Check the material that follows and say how many lines include the string "else", giving the number alone.

Given records —
..............................
(* Let $h=z+\sum_{l\ge1}h_lz^{-l}$ be a formal Laurent series with complex coefficients $h_l$, put $\lambda=z^2$, and let $H^{(k)}$ and $V^{(j)}$ be as defined in the context below. Then for every integer $k\ge0$: (1) the entries of $V^{(2k+1)}$ are polynomials in $\lambda$ whose coefficients depend only on $(h_1,\dots,h_{2k+1})$, and the map $(h_1,\dots,h_{2k+1})\mapsto V^{(2k+1)}$ is injective; (2) $\mathrm{Tr}\,V^{(2k+1)}=0$; (3) for every integer $0\le i\le k$, $$V^{(2i+1)}=\big(\lambda^{i-k}V^{(2k+1)}\big)_+-\alpha_{ik}\begin{pmatrix}0&0\\1&0\end{pmatrix},$$ where $(\cdot)_+$ denotes the projection onto the nonnegative powers of $\lambda$ (applied entrywise), and $\alpha_{ik}$ is the $(1,2)$ entry of the coefficient of $\lambda^{k-i-1}$ in $V^{(2k+1)}$ (the coefficient of $\lambda^{-1}$ being $0$).
   Context: Given $h=z+\sum_{l\ge1}h_lz^{-l}$, define Laurent series $H^{(k)}$, $k\ge0$, by $H^{(0)}=1$, $H^{(1)}=h$, $H^{(2)}=z^2$ and recursively $H^{(k+2)}=z^2H^{(k)}-H^k_1H^{(1)}-H^k_2$ for $k\ge1$, where $H^k_l$ denotes the coefficient of $z^{-l}$ in $H^{(k)}$ (so $H^{(k)}=z^k+\sum_{l\ge1}H^k_lz^{-l}$ and $H^1_l=h_l$). Every $H^{(k)}$, and every series $H^{(j+1)}+\sum_{l=1}^jh_lH^{(j-l)}+H^j_1$, can be written uniquely as $a(\lambda)+b(\lambda)h$ with $a,b$ polynomials in $\lambda=z^2$ (uniqueness because the elements $\lambda^j,\lambda^jh$, $j\ge0$, are linearly independent). For $j\ge1$, $V^{(j)}$ is the $2\times2$ matrix with polynomial entries in $\lambda$ whose first row is $(p_j,q_j)$, where $H^{(j)}=p_j(\lambda)+q_j(\lambda)h$, and whose second row is $(a_j,b_j)$, where $H^{(j+1)}+\sum_{l=1}^jh_lH^{(j-l)}+H^j_1=a_j(\lambda)+b_j(\lambda)h$. Equivalently, $V^{(j)}$ is defined by $\big(\partial_{t_j}+H^{(j)}\big)(1,h)^T=V^{(j)}(1,h)^T$, where $\partial h/\partial t_j=-hH^{(j)}+H^{(j+1)}+\sum_{l=1}^jh_lH^{(j-l)}+H^j_1$. For example $V^{(1)}=\begin{pmatrix}0&1\\ \lambda+2h_1&0\end{pmatrix}$. *)

theory Defs
  imports "HOL-Analysis.Analysis" "HOL-Computational_Algebra.Polynomial"
begin
(* Let $g_0,g_\infty\in\mathbb C$, $g_1=-g_0-g_\infty$, and let $G(t,z)$ be the EGF of the GKP triangle $\left[\begin{array}{cc|c}\tfrac12,&1&g_0\\ -1,&-1&g_\infty\end{array}\right]$ (the case $(r_0,r_1,r_\infty)=(-\tfrac12,-\tfrac12,2)$). Then near $(0,0)$ $$G(t,z)=\Bigl(\frac{s_+}{t}\Bigr)^{g_0}\Bigl(\frac{s_-}{1-t}\Bigr)^{g_1},\qquad s_\pm=\frac12\pm\frac{4(t-\frac12)+z}{2\sqrt{4+8(t-\frac12)z+z^2}},$$ with the square root the branch equal to $2$ at $z=0$ and the powers the principal branches equal to $1$ at $z=0$ (so $s_++s_-=1$, $s_+=t$ at $z=0$).
   Context: GKP triangle: for complex parameters $\alpha,\beta,\gamma,\alpha',\beta',\gamma'$, the array $T_{n,k}=\left[\begin{array}{cc|c}\alpha,&\beta&\gamma\\ \alpha',&\beta'&\gamma'\end{array}\right]_{n,k}$ is defined by $T_{0,0}=1$, $T_{n,k}=0$ if $n<0$, $k<0$ or $k>n$, and $T_{n+1,k+1}=[\alpha n+\beta(k+1)+\gamma]T_{n,k+1}+[\alpha' n+\beta' k+\gamma']T_{n,k}$ for $n\ge0$, $k\in\mathbb Z$; its EGF is $G(t,z)=\sum_{n\ge0}\sum_{k=0}^nT_{n,k}t^kz^n/n!$. *)

theory Defs
  imports "HOL-Analysis.Analysis"
begin

text \<open>GKP triangle with parameters a b c a' b' c' (alpha, beta, gamma, alpha', beta', gamma').\<close>
fun gkp :: "complex \<Rightarrow> complex \<Rightarrow> complex \<Rightarrow> complex \<Rightarrow> complex \<Rightarrow> complex \<Rightarrow> nat \<Rightarrow> int \<Rightarrow> complex" where
  "gkp a b c a' b' c' 0 k = (if k = 0 then 1 else 0)"
| "gkp a b c a' b' c' (Suc n) k =
     (if k < 0 \<or> k > int (Suc n) then 0
      else (a * of_nat n + b * of_int k + c) * gkp a b c a' b' c' n k
         + (a' * of_nat n + b' * of_int (k - 1) + c') * gkp a b c a' b' c' n (k - 1))"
..............................
Solution below — 2